**PROBLEM TO SOLVE:**
Below you will find a set of lines. Repeat them all exactly.

(Collected data)
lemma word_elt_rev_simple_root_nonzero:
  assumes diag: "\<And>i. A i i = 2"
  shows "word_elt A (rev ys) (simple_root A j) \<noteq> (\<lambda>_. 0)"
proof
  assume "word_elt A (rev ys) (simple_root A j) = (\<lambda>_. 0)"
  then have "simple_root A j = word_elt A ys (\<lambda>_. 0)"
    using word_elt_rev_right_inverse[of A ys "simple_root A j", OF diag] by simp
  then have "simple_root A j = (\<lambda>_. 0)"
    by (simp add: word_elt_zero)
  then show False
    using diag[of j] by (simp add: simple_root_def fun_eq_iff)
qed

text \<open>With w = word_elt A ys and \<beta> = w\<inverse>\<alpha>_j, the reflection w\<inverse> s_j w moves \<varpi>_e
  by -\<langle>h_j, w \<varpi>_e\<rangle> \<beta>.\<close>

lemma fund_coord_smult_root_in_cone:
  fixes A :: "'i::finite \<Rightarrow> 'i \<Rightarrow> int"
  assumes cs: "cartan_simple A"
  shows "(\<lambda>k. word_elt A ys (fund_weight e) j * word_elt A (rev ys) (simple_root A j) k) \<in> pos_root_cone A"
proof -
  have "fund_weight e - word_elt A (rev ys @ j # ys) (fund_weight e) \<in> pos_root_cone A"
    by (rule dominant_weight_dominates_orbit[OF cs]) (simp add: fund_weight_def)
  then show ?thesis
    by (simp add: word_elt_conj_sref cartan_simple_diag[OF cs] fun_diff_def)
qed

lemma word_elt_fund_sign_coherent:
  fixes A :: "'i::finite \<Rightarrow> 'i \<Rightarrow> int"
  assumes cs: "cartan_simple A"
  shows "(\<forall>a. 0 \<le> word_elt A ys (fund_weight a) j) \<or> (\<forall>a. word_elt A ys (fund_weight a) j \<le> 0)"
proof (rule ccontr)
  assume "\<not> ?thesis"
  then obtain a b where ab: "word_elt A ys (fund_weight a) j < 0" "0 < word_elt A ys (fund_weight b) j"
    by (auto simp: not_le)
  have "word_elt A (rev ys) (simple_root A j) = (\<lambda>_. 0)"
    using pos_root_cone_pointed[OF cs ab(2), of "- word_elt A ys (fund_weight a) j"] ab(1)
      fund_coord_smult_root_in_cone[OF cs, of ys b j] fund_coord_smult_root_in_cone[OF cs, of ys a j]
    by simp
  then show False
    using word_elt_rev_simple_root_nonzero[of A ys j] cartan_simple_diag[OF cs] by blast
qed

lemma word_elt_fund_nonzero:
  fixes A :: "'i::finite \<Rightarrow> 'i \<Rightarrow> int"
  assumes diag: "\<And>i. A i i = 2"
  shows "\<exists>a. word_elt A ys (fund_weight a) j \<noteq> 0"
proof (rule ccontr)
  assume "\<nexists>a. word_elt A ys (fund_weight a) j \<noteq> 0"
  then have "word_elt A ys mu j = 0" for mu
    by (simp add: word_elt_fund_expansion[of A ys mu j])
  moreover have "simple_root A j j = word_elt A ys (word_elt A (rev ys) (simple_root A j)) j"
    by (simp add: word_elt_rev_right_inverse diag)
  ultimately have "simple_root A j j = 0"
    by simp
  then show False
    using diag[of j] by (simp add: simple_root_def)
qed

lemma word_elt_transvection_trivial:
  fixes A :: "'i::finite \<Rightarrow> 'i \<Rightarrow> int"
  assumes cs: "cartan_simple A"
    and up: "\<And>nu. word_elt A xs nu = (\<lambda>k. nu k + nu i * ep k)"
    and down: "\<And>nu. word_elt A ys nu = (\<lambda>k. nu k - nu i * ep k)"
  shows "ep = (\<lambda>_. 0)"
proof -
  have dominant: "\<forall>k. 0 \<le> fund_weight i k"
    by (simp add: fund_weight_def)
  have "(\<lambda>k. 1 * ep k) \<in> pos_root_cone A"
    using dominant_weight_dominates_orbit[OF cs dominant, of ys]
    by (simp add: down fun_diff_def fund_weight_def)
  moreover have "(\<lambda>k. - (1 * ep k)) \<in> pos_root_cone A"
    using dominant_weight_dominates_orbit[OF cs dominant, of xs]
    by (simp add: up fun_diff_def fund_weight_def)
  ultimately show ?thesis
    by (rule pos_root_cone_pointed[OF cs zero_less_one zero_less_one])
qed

**SOLUTION TO THIS TASK:**
lemma word_elt_rev_simple_root_nonzero:
  assumes diag: "\<And>i. A i i = 2"
  shows "word_elt A (rev ys) (simple_root A j) \<noteq> (\<lambda>_. 0)"
proof
  assume "word_elt A (rev ys) (simple_root A j) = (\<lambda>_. 0)"
  then have "simple_root A j = word_elt A ys (\<lambda>_. 0)"
    using word_elt_rev_right_inverse[of A ys "simple_root A j", OF diag] by simp
  then have "simple_root A j = (\<lambda>_. 0)"
    by (simp add: word_elt_zero)
  then show False
    using diag[of j] by (simp add: simple_root_def fun_eq_iff)
qed

text \<open>With w = word_elt A ys and \<beta> = w\<inverse>\<alpha>_j, the reflection w\<inverse> s_j w moves \<varpi>_e
  by -\<langle>h_j, w \<varpi>_e\<rangle> \<beta>.\<close>

lemma fund_coord_smult_root_in_cone:
  fixes A :: "'i::finite \<Rightarrow> 'i \<Rightarrow> int"
  assumes cs: "cartan_simple A"
  shows "(\<lambda>k. word_elt A ys (fund_weight e) j * word_elt A (rev ys) (simple_root A j) k) \<in> pos_root_cone A"
proof -
  have "fund_weight e - word_elt A (rev ys @ j # ys) (fund_weight e) \<in> pos_root_cone A"
    by (rule dominant_weight_dominates_orbit[OF cs]) (simp add: fund_weight_def)
  then show ?thesis
    by (simp add: word_elt_conj_sref cartan_simple_diag[OF cs] fun_diff_def)
qed

lemma word_elt_fund_sign_coherent:
  fixes A :: "'i::finite \<Rightarrow> 'i \<Rightarrow> int"
  assumes cs: "cartan_simple A"
  shows "(\<forall>a. 0 \<le> word_elt A ys (fund_weight a) j) \<or> (\<forall>a. word_elt A ys (fund_weight a) j \<le> 0)"
proof (rule ccontr)
  assume "\<not> ?thesis"
  then obtain a b where ab: "word_elt A ys (fund_weight a) j < 0" "0 < word_elt A ys (fund_weight b) j"
    by (auto simp: not_le)
  have "word_elt A (rev ys) (simple_root A j) = (\<lambda>_. 0)"
    using pos_root_cone_pointed[OF cs ab(2), of "- word_elt A ys (fund_weight a) j"] ab(1)
      fund_coord_smult_root_in_cone[OF cs, of ys b j] fund_coord_smult_root_in_cone[OF cs, of ys a j]
    by simp
  then show False
    using word_elt_rev_simple_root_nonzero[of A ys j] cartan_simple_diag[OF cs] by blast
qed

lemma word_elt_fund_nonzero:
  fixes A :: "'i::finite \<Rightarrow> 'i \<Rightarrow> int"
  assumes diag: "\<And>i. A i i = 2"
  shows "\<exists>a. word_elt A ys (fund_weight a) j \<noteq> 0"
proof (rule ccontr)
  assume "\<nexists>a. word_elt A ys (fund_weight a) j \<noteq> 0"
  then have "word_elt A ys mu j = 0" for mu
    by (simp add: word_elt_fund_expansion[of A ys mu j])
  moreover have "simple_root A j j = word_elt A ys (word_elt A (rev ys) (simple_root A j)) j"
    by (simp add: word_elt_rev_right_inverse diag)
  ultimately have "simple_root A j j = 0"
    by simp
  then show False
    using diag[of j] by (simp add: simple_root_def)
qed

lemma word_elt_transvection_trivial:
  fixes A :: "'i::finite \<Rightarrow> 'i \<Rightarrow> int"
  assumes cs: "cartan_simple A"
    and up: "\<And>nu. word_elt A xs nu = (\<lambda>k. nu k + nu i * ep k)"
    and down: "\<And>nu. word_elt A ys nu = (\<lambda>k. nu k - nu i * ep k)"
  shows "ep = (\<lambda>_. 0)"
proof -
  have dominant: "\<forall>k. 0 \<le> fund_weight i k"
    by (simp add: fund_weight_def)
  have "(\<lambda>k. 1 * ep k) \<in> pos_root_cone A"
    using dominant_weight_dominates_orbit[OF cs dominant, of ys]
    by (simp add: down fun_diff_def fund_weight_def)
  moreover have "(\<lambda>k. - (1 * ep k)) \<in> pos_root_cone A"
    using dominant_weight_dominates_orbit[OF cs dominant, of xs]
    by (simp add: up fun_diff_def fund_weight_def)
  ultimately show ?thesis
    by (rule pos_root_cone_pointed[OF cs zero_less_one zero_less_one])
qed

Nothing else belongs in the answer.